Dengarkan komentar beliau!


“Sifat al ‘Aliy/Yang Maha Tinggi dalam ayat di atas (ayat Kursi) yang dimaksud adalah ketinggian kehormatan dan kedudukan bukan ketinggian tempat! Sebab Allah Maha suci dari bertempat di sebuah sudut/sisi. Ath Thabari mengisahkan dari satu kaum bahwa mereka berkata: “Dia Allah Maha Tinggi atas hamba ciptaan-Nya dengan ketinggian tempat-Nya dari tempat makhluk-Nya.” Ibnu Athiyah berkata: “Ini adalah pendapat kaum Jahalah/bodoh yang Mujassimîn/meyakini Allah berjism. Mestinya tidak perlu dihikayatkan.”

Setelah ketarangan para ulama, masihkah kita maragukan penyimpangan akidah yang mengatakan Allah itu bertempat dengan memahami secara awam ayat-ayat tertentu yang mutasyâbihât yang memang biasa kaum penyesat dan juga yang disesatkan berkubang di dalamnya?!

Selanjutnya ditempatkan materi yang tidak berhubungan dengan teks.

lemma set_integrable_reflected_quantile:
  fixes X :: "'a \<Rightarrow> real"
  assumes X: "random_variable borel X" and I: "integrable M (\<lambda>x. (X x)\<^sup>2)"
    and nonneg: "AE x in M. 0 \<le> X x"
  shows "set_integrable lborel {0<..<1} (\<lambda>s. quantile M X (1 - s))"
proof (rule set_integrable_bound)
  define K where "K = expectation (\<lambda>x. (X x)\<^sup>2)"
  show "set_integrable lborel {0<..<1} (\<lambda>s::real. sqrt K * s powr (-1/2) + 1)"
    by (intro set_integral_add set_integrable_mult_right set_integrable_powr set_integrable_bounded)
       auto
  show "set_borel_measurable lborel {0<..<1} (\<lambda>s. quantile M X (1 - s))"
    by (intro set_borel_measurable_antimono_on antimono_on_reflected_quantile X) simp
  have "\<bar>quantile M X (1 - s)\<bar> \<le> sqrt K * s powr (-1/2) + 1" if s: "s \<in> {0<..<1}" for s
  proof -
    have "0 \<le> quantile M X (1 - s)"
      using s by (intro le_quantile_if_AE_le[OF X nonneg]) auto
    moreover have "quantile M X (1 - s) \<le> sqrt (K / s) + 1"
      using quantile_le_second_moment[OF X I, of "1 - s"] s unfolding K_def by simp
    moreover have "sqrt (K / s) = sqrt K * s powr (-1/2)"
      using s by (simp add: powr_minus_divide powr_half_sqrt real_sqrt_divide)
    ultimately show ?thesis by simp
  qed
  then show "AE s in lborel. s \<in> {0<..<1} \<longrightarrow>
      norm (quantile M X (1 - s)) \<le> norm (sqrt K * s powr (-1/2) + 1)"
    by (intro AE_I2 impI) (simp only: real_norm_def, rule order_trans[OF _ abs_ge_self], blast)
qed

end

definition mean_preserving_step :: "real \<Rightarrow> real \<Rightarrow> real \<Rightarrow> real \<Rightarrow> real" where
  "mean_preserving_step B c l s = B - l + l / (1 - c) * indicator {c..} s"

lemma set_integral_mean_preserving_step:
  assumes "t \<le> 1" "c \<le> 1"
  shows "(LINT s:{t..<1}|lborel. mean_preserving_step B c l s)
    = (B - l) * (1 - t) + l / (1 - c) * (1 - max t c)"
proof -
  have "{t..<1} \<inter> {c..} = {max t c..<1}" by auto
  moreover have "set_integrable lborel {t..<1} (\<lambda>_. 1 :: real)"
    using assms by (intro set_integrable_bounded) auto
  ultimately show ?thesis
    using set_integral_affine_indicator_mult[where g = "\<lambda>_. 1" and M = lborel and A = "{t..<1}"
        and C = "{c..}" and a = "B - l" and b = "l / (1 - c)"] assms
    by (simp add: mean_preserving_step_def set_integral_const)
qed

lemma mean_preserving_step_in_QClass:
  assumes "0 \<le> l" "c < 1"
  shows "mean_preserving_step B c l \<in> QClass"
  unfolding QClass_def
proof (intro CollectI conjI ballI)
  have "0 \<le> l / (1 - c)" using assms by simp
  then show "mono_on {0..<1} (mean_preserving_step B c l)"
    by (intro mono_onI) (auto simp: mean_preserving_step_def indicator_def)
next
  fix t :: real
  have "\<forall>\<^sub>F s in at_right t. mean_preserving_step B c l s = mean_preserving_step B c l t"
  proof (cases "t < c")
    case True
    then show ?thesis
      by (intro eventually_at_rightI[OF _ True]) (auto simp: mean_preserving_step_def)
  next
    case False
    show ?thesis
      using eventually_at_right_less[of t]
      by (rule eventually_mono) (use False in \<open>auto simp: mean_preserving_step_def\<close>)
  qed
  then show "continuous (at_right t) (mean_preserving_step B c l)"
    unfolding continuous_within by (rule tendsto_eventually)
next
  have "\<bar>mean_preserving_step B c l s\<bar> \<le> \<bar>B - l\<bar> + \<bar>l / (1 - c)\<bar>" for s
    by (cases "c \<le> s") (simp_all add: mean_preserving_step_def abs_triangle_ineq del: abs_divide)
  then have "\<bar>(mean_preserving_step B c l s)\<^sup>2\<bar> \<le> (\<bar>B - l\<bar> + \<bar>l / (1 - c)\<bar>)\<^sup>2" for s
    by (metis abs_ge_zero abs_power2 power2_abs power_mono)
  moreover have "mean_preserving_step B c l \<in> borel_measurable lborel"
    unfolding mean_preserving_step_def by measurable
  ultimately show "set_integrable lborel {0..<1} (\<lambda>s. (mean_preserving_step B c l s)\<^sup>2)"
    by (intro set_integrable_bounded) auto
qed

lemma icx_ge_trans: "icx_ge Q1 Q2 \<Longrightarrow> icx_ge Q2 Q3 \<Longrightarrow> icx_ge Q1 Q3"
  unfolding icx_ge_def by (meson order_trans)

text \<open>The nonnegativity of \<open>B\<close> covers tails of \<open>Q\<close> that are not integrable, whose
  Bochner integral is \<open>0\<close>.\<close>
lemma icx_ge_const_if_le:
  assumes B: "0 \<le> B" and le: "\<And>s. s \<in> {0..<1} \<Longrightarrow> Q s \<le> B"
  shows "icx_ge (\<lambda>_. B) Q"
  unfolding icx_ge_def
proof
  fix t :: real assume t: "t \<in> {0..1}"
  have B_int: "(LINT s:{t..<1}|lborel. B) = B * (1 - t)"
    using t by (simp add: set_integral_const)
  show "(LINT s:{t..<1}|lborel. Q s) \<le> (LINT s:{t..<1}|lborel. B)"
  proof (cases "set_integrable lborel {t..<1} Q")
    case True
    have "set_integrable lborel {t..<1} (\<lambda>_. B)"
      using t by (intro set_integrable_bounded[where B = "\<bar>B\<bar>"]) auto
    with True show ?thesis
      using t le by (intro set_integral_mono) auto
  next
    case False
    then have "(LINT s:{t..<1}|lborel. Q s) = 0"
      unfolding set_lebesgue_integral_def set_integrable_def by (rule not_integrable_integral_eq)
    with B t show ?thesis by (simp add: B_int)
  qed
qed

Imam Nawawi menerangkan hadis yang selama ini dijadikan dalil andalan Kaum Salafi dalam akidah bahwa Allah SWT di langit! Maha Suci Allah dari anggapan kaum Mujassimun!



Keterangan Imam Nawawi

هذا الحديث من أحاديث الصفات وفيها مذهبان تقدم ذكرهما مرات في كتاب الايمان: أحدهما : الايمان به من غير خوض في معناه مع اعتقاد أن الله تعالى ليس كمثله شئ وتنزيهه عن سمات المخلوقات، والثاني : تأويله بما يليق به ، فمن قال بهذا قال: كان المراد امتحانُها هل هي موحدة تقر بأن الخالق المدبر الفعال هو الله وحده وهو الذي إذا دعاه الداعي استقبل السماء كما إذا صلى المصلي استقبل الكعبة وليس ذلك لانه منحصر في السماء كما أنه ليس منحصرا في جهة الكعبة، بل ذلك لان السماء قبلة الداعين كما أن الكعبة قبلة المصلين، أو هي من عبدة الاوثان العابدين للاوثان التي بين أيديهم فلما قالت في السماء علم أنها موحدة وليست عابدة للاوثان.

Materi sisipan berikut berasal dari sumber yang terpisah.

(* Let $\Gamma$ be a non-amenable group. If $\Gamma$ has property RD$_p$ for some $p\in[1,2]$, then $r(\Gamma)\ge 1-1/p$. In particular, if $\Gamma$ has property RD (i.e. RD$_2$), then $r(\Gamma)=1/2$.
   Context: For $1\le p<\infty$, $\Gamma$ has property RD$_p$ if there exist a length function $L$ on $\Gamma$ (i.e. $L\colon\Gamma\to[0,\infty)$ with $L(e)=0$, $L(g^{-1})=L(g)$, $L(gh)\le L(g)+L(h)$) and a polynomial $P$ such that $\|a\|_{p\to p}\le P(d)\|a\|_p$ for every $a\in\mathbf{C}[\Gamma]$ and $d\ge0$ such that $a$ is supported in the $L$-ball of radius $d$; here $\|a\|_{p\to p}$ is the operator norm of left convolution by $a$ on $\ell^p(\Gamma)$. For finite symmetric $S$, $\rho(\Gamma,S)=\|\frac1{|S|}\mathbf{1}_S\|_{2\to2}$, and $r(\Gamma)=-\liminf_S\frac{\ln\rho(\Gamma,S)}{\ln|S|}$, the liminf over the directed set of finite symmetric subsets ordered by inclusion ($\liminf_Sf(S)=\sup_S\inf_{S'\supseteq S}f(S')$). *)

theory Defs
  imports "HOL-Analysis.Analysis" "HOL-Computational_Algebra.Polynomial"
begin

text \<open>The discrete group Gamma is the type 'a of class group_add; the group
operation is written additively (+, 0, unary minus), no commutativity assumed.
Elements of the group ring C[Gamma] are finitely supported functions 'a => complex.\<close>

definition supp :: "('a \<Rightarrow> complex) \<Rightarrow> 'a set" where
  "supp a = {g. a g \<noteq> 0}"

definition conv :: "('a::group_add \<Rightarrow> complex) \<Rightarrow> ('a \<Rightarrow> complex) \<Rightarrow> 'a \<Rightarrow> complex" where
  "conv a f x = (\<Sum>g\<in>supp a. a g * f (- g + x))"

definition in_lp :: "real \<Rightarrow> ('a \<Rightarrow> complex) \<Rightarrow> bool" where
  "in_lp p f \<longleftrightarrow> (\<lambda>x. norm (f x) powr p) summable_on UNIV"

definition lp_norm :: "real \<Rightarrow> ('a \<Rightarrow> complex) \<Rightarrow> real" where
  "lp_norm p f = (\<Sum>\<^sub>\<infinity>x. norm (f x) powr p) powr (1 / p)"

definition op_norm :: "real \<Rightarrow> ('a::group_add \<Rightarrow> complex) \<Rightarrow> real" where
  "op_norm p a = Sup {lp_norm p (conv a f) | f. in_lp p f \<and> lp_norm p f \<le> 1}"

definition length_function :: "('a::group_add \<Rightarrow> real) \<Rightarrow> bool" where
  "length_function L \<longleftrightarrow> (\<forall>g. L g \<ge> 0) \<and> L 0 = 0 \<and> (\<forall>g. L (- g) = L g) \<and>
     (\<forall>g h. L (g + h) \<le> L g + L h)"

definition has_RD :: "real \<Rightarrow> 'a::group_add itself \<Rightarrow> bool" where
  "has_RD p _ \<longleftrightarrow> (\<exists>(L::'a \<Rightarrow> real) (P::real poly). length_function L \<and>
     (\<forall>(a::'a \<Rightarrow> complex) d. finite (supp a) \<and> d \<ge> 0 \<and> supp a \<subseteq> {g. L g \<le> d} \<longrightarrow>
        op_norm p a \<le> poly P d * lp_norm p a))"

definition finite_symmetric :: "'a::group_add set \<Rightarrow> bool" where
  "finite_symmetric S \<longleftrightarrow> finite S \<and> (\<forall>g\<in>S. - g \<in> S)"

definition rho :: "'a::group_add set \<Rightarrow> real" where
  "rho S = op_norm 2 (\<lambda>g. if g \<in> S then complex_of_real (1 / real (card S)) else 0)"

text \<open>r(Gamma) = - liminf_S ln rho(S) / ln |S| over the directed set of finite
symmetric subsets ordered by inclusion; liminf_S f = sup_S inf_{S' \<supseteq> S} f(S').\<close>
definition r_exponent :: "'a::group_add itself \<Rightarrow> ereal" where
  "r_exponent _ = - (SUP S\<in>{S::'a set. finite_symmetric S}.
        INF S'\<in>{S'. finite_symmetric S' \<and> S \<subseteq> S'}.
          ereal (ln (rho S') / ln (real (card S'))))"

definition amenable :: "'a::group_add itself \<Rightarrow> bool" where
  "amenable _ \<longleftrightarrow> (\<exists>m :: ('a \<Rightarrow> real) \<Rightarrow> real.
     (\<forall>f g. bounded (range f) \<and> bounded (range g) \<longrightarrow> m (\<lambda>x. f x + g x) = m f + m g) \<and>
     (\<forall>f c. bounded (range f) \<longrightarrow> m (\<lambda>x. c * f x) = c * m f) \<and>
     (\<forall>f. bounded (range f) \<and> (\<forall>x. f x \<ge> 0) \<longrightarrow> m f \<ge> 0) \<and>
     m (\<lambda>_. 1) = 1 \<and>
     (\<forall>f h. bounded (range f) \<longrightarrow> m (\<lambda>x. f (h + x)) = m f))"

end

theory Submission
  imports Defs
begin

text \<open>For a finite symmetric \<open>S\<close>, \<open>\<rho>(S)\<close> is the spectral radius of the random walk driven by
  \<open>\<mu> = 1\<^sub>S/|S|\<close>, so it is controlled by the decay of the return probabilities \<open>\<mu>\<^sup>*\<^sup>n(0)\<close>,
  which in turn are at most \<open>\<parallel>\<lambda>(\<mu>)\<parallel>\<^sub>p\<^sub>\<rightarrow>\<^sub>p\<^sup>n\<close>. Property RD\<open>\<^sub>p\<close> bounds the latter norm by \<open>P(d) |S|\<^bsup>1/p - 1\<^esup>\<close>
  when \<open>S\<close> lies in the ball of radius \<open>d\<close>. If \<open>r(\<Gamma>) < 1 - 1/p\<close>, then \<open>\<rho>(S) \<ge> |S|\<^bsup>1/p - 1 + \<eta>\<^esup>\<close> for
  all large \<open>S\<close>, and taking \<open>S\<close> a ball shows that balls grow polynomially; suitable balls then form
  a Folner sequence, contradicting non-amenability. The upper bound \<open>r(\<Gamma>) \<le> 1/2\<close> follows from
  \<open>\<rho>(S) \<ge> \<parallel>\<mu>\<parallel>\<^sub>2 = |S|\<^bsup>-1/2\<^esup>\<close>.\<close>

section \<open>Ultrafilters\<close>

definition ultrafilter :: "'a filter \<Rightarrow> bool" where
  "ultrafilter U \<longleftrightarrow> U \<noteq> bot \<and> (\<forall>P. eventually P U \<or> eventually (\<lambda>x. \<not> P x) U)"

lemma ultrafilter_if_maximal:
  assumes U: "U \<noteq> bot" and max: "\<And>G. G \<noteq> bot \<Longrightarrow> G \<le> U \<Longrightarrow> G = U"
  shows "ultrafilter U"
  unfolding ultrafilter_def
proof (intro conjI allI U disjCI)
  fix P
  assume "\<not> eventually (\<lambda>x. \<not> P x) U"
  then have "inf U (principal {x. P x}) \<noteq> bot"
    by (simp add: trivial_limit_def eventually_inf_principal)
  then have "inf U (principal {x. P x}) = U"
    by (rule max) simp
  moreover have "eventually P (inf U (principal {x. P x}))"
    by (simp add: eventually_inf_principal)
  ultimately show "eventually P U" by simp
qed

lemma ultrafilter_le_exists:
  fixes F :: "'a filter"
  assumes F: "F \<noteq> bot"
  obtains U where "U \<le> F" "ultrafilter U"
proof -
  define R where "R = {(b, a). a \<noteq> (bot::'a filter) \<and> a \<le> b \<and> b \<le> F}"
  have field_R: "Field R = {G. G \<noteq> bot \<and> G \<le> F}"
    unfolding R_def by (auto simp: Field_def bot_unique)
  have "Partial_order R"
    unfolding R_def by (auto simp: partial_order_on_def preorder_on_def
          antisym_def refl_on_def trans_def Field_def bot_unique)
  then have "\<exists>m\<in>Field R. \<forall>a\<in>Field R. (m, a) \<in> R \<longrightarrow> a = m"
  proof (rule Zorns_po_lemma)
    fix C assume C: "C \<in> Chains R"
    have chain: "\<And>x y. x \<in> C \<Longrightarrow> y \<in> C \<Longrightarrow> x \<le> y \<or> y \<le> x"
      and proper: "\<And>x. x \<in> C \<Longrightarrow> x \<noteq> bot \<and> x \<le> F"
      using C unfolding Chains_def R_def by auto
    show "\<exists>u\<in>Field R. \<forall>a\<in>C. (a, u) \<in> R"
    proof (cases "C = {}")
      case True
      then show ?thesis using F unfolding field_R by auto
    next
      case False
      have "Inf C \<noteq> bot"
      proof
        assume "Inf C = bot"
        then have "eventually (\<lambda>_. False) (Inf C)" by simp
        then have "\<exists>b\<in>C. eventually (\<lambda>_. False) b"
          by (subst (asm) eventually_Inf_base) (use False chain in auto)
        then show False using proper by (auto simp: trivial_limit_def)
      qed
      moreover have "Inf C \<le> F"
        using False proper by (meson Inf_lower order_trans ex_in_conv)
      ultimately show ?thesis unfolding field_R
        by (intro bexI[of _ "Inf C"]) (auto simp: R_def proper Inf_lower)
    qed
  qed
  then obtain U where "U \<noteq> bot" "U \<le> F" and max: "\<forall>a\<in>Field R. (U, a) \<in> R \<longrightarrow> a = U"
    unfolding field_R by blast
  moreover have "ultrafilter U"
  proof (rule ultrafilter_if_maximal)
    fix G assume "G \<noteq> bot" "G \<le> U"
    then show "G = U"
      using \<open>U \<le> F\<close> max unfolding field_R by (auto simp: R_def intro: order_trans)
  qed fact
  ultimately show ?thesis using that by blast
qed

lemma ultrafilter_bounded_convergent:
  fixes x :: "'b \<Rightarrow> real"
  assumes U: "ultrafilter U" and bound: "\<And>n. \<bar>x n\<bar> \<le> M"
  obtains l where "(x \<longlongrightarrow> l) U"
proof -
  have "eventually (\<lambda>y. y \<in> {-M..M}) (filtermap x U)"
    using bound by (auto simp: eventually_filtermap abs_le_iff intro!: always_eventually)
      (metis minus_le_iff)
  moreover have "filtermap x U \<noteq> bot"
    using U by (simp add: ultrafilter_def filtermap_bot_iff)
  ultimately obtain l where l: "inf (nhds l) (filtermap x U) \<noteq> bot"
    using compact_Icc[of "-M" M, unfolded compact_filter] by blast
  have "(x \<longlongrightarrow> l) U"
    unfolding tendsto_def
  proof (intro allI impI)
    fix S :: "real set" assume S: "open S" "l \<in> S"
    show "eventually (\<lambda>n. x n \<in> S) U"
    proof (rule ccontr)
      assume "\<not> eventually (\<lambda>n. x n \<in> S) U"
      then have "eventually (\<lambda>y. y \<notin> S) (filtermap x U)"
        using U by (auto simp: ultrafilter_def eventually_filtermap)
      moreover have "eventually (\<lambda>y. y \<in> S) (nhds l)"
        using S by (rule eventually_nhds_in_open)
      ultimately have "eventually (\<lambda>_. False) (inf (nhds l) (filtermap x U))"
        unfolding eventually_inf by blast
      then show False using l by (simp add: trivial_limit_def)
    qed
  qed
  then show ?thesis using that by blast
qed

“Hadis ini termasuk hadis-hadis shifât. Tentangnya ada dua aliran (penafsiran), telah lewat berulang kali keterangan tentangnya dalam Kitabul Iman:

Aliran Pertama: Mengimaninya tanpa membincangkan maknanya dengan keyakinan bahwa Allah –Ta’ala- tidak ada sesuatu yang menyerupai-Nya, dan menyucikan-Nya dari sifat-sifat/ciri-ciri makhluk.

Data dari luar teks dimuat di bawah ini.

(* Let $\Psi=\{\psi_i\}_{i\in I}$ be a lower frame sequence in a separable Hilbert space $\mathcal{H}$ with canonical dual $\widetilde\Psi=\{\widetilde\psi_i\}_{i\in I}$, and let $h\in\mathcal{H}$. Suppose $h$ is represented weakly by $\Psi$, i.e. there is a scalar sequence $\{c_i\}_{i\in I}$ such that $\langle h,g\rangle=\langle\sum_{i\in I}c_i\psi_i,g\rangle=\sum_{i\in I}c_i\langle\psi_i,g\rangle$ for all $g\in\mathcal{D}(C_\Psi)$. Then $$\sum_{i\in I}|c_i|^2=\sum_{i\in I}|\langle h,\widetilde\psi_i\rangle|^2+\sum_{i\in I}|c_i-\langle h,\widetilde\psi_i\rangle|^2.$$ In particular $\sum_i|c_i|^2\ge\sum_i|\langle h,\widetilde\psi_i\rangle|^2$.
   Context: $I$ is countable. $\mathcal{D}(C_\Psi)=\{f\in\mathcal{H}:\{\langle f,\psi_i\rangle\}_i\in\ell^2\}$, $\mathcal{H}_\Psi:=\overline{\mathcal{D}(C_\Psi)}$, $\pi_{\mathcal{H}_\Psi}$ the orthogonal projection onto $\mathcal{H}_\Psi$. $\Psi$ is a lower frame sequence if there is $A>0$ with $A\|f\|^2\le\sum_i|\langle f,\psi_i\rangle|^2$ for all $f\in\mathcal{D}(C_\Psi)$. The generalized frame operator is $\Gamma_\Psi:=(C^r_\Psi)^*C^r_\Psi$, where $C^r_\Psi:\mathcal{D}(C_\Psi)\subseteq\mathcal{H}_\Psi\to\ell^2$, $C^r_\Psi f=\{\langle f,\psi_i\rangle\}_i$; for a lower frame sequence $\Gamma_\Psi:\mathcal{D}(\Gamma_\Psi)\to\mathcal{H}_\Psi$ is bijective with bounded inverse on $\mathcal{H}_\Psi$. The canonical dual is $\widetilde\psi_i:=\Gamma_\Psi^{-1}\pi_{\mathcal{H}_\Psi}\psi_i$. *)

theory Defs
  imports "HOL-Analysis.Analysis"
begin

text \<open>HOL-Analysis only provides real inner product spaces, so we introduce complex
inner product spaces. The inner product is linear in the FIRST argument and
conjugate-linear in the second (mathematicians' convention, as in the paper:
the weak representation reads h = sum c_i psi_i). The norm is the one induced
by the inner product; a complex Hilbert space is a type of class
complex_inner and complete_space.\<close>

class complex_inner = real_normed_vector +
  fixes scaleC :: "complex \<Rightarrow> 'a \<Rightarrow> 'a" (infixr "*\<^sub>C" 75)
  fixes cinner :: "'a \<Rightarrow> 'a \<Rightarrow> complex"
  assumes scaleC_add_right: "a *\<^sub>C (x + y) = a *\<^sub>C x + a *\<^sub>C y"
    and scaleC_add_left: "(a + b) *\<^sub>C x = a *\<^sub>C x + b *\<^sub>C x"
    and scaleC_scaleC: "a *\<^sub>C (b *\<^sub>C x) = (a * b) *\<^sub>C x"
    and scaleC_one: "1 *\<^sub>C x = x"
    and scaleR_scaleC: "scaleR r x = complex_of_real r *\<^sub>C x"
    and cinner_commute: "cinner x y = cnj (cinner y x)"
    and cinner_add_left: "cinner (x + y) z = cinner x z + cinner y z"
    and cinner_scaleC_left: "cinner (a *\<^sub>C x) y = a * cinner x y"
    and cinner_self_norm: "cinner x x = complex_of_real ((norm x)\<^sup>2)"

Aliran Kedua: mena’wilkannya dengan memaknainya sesuai manka yang layak bagi-Nya. Dan yang mengikuti pendapat ini mengatakan bahwa yang dimaksud dengannya: Menguji si budak wanita itu apakah ia mengesakan Allah dengan meyakini bahwa Dzat Maha Pencipta, Mengatur semesta alam dan yang Maha Berbuat segala sesuatu adalah hanya Allah? Dan Dialah yang apabila seorang pendo’a memanggil-Nya ia menghadap langit, seperti jika ia shalat menghadap ka’bah. Yang demikian bukan dikarenakan Allah terbatas di langit sebagaimana Dia tidak terbatas di sisi/arah ka’bah. Akan tetapi karena langit adalah kiblat para pendo’a sebagaimana ka’bah kiblat shalat, atau dia (si budak wanita itu) adalah penyembah arca yang berada di depan para penyembahnya. Dan ketika ia mengatakan: Dia di langit, Nabi saw. mengetahu bahwa dia seorang yang mengesakan Allah bukan penyembah arca..”

Dari sini dapat Anda mengerti bahwa menerima keshahihan hadis Muslim tidak berarti menerima pemaknaan ala Wahhabi terhadapnya bahwa Allah itu bertempat di langit sana. Sebab pintu ta’wil masih terbuka lebar-lebar!


Keterangan Qadhi ‘Iyâdh

Qadhi ‘Iyâdh menegaskan masalah ini sebagaimana dinukil Imam an Nawawi dalam syarah Shahih Muslim, 5/24:

لا خلاف بين المسلمين قاطبة فقيههم ومحدثهم ومتكلمهم ونظارهم ومقتدهم أن الظواهر الواردة بذكر الله تعالى في السماء كقرل الله تعالى {ءأمنتم من في السماء أن يخسف بكم الارض} ” ونحوه ليست على ظاهرها بل متأولة عند جميعهم “.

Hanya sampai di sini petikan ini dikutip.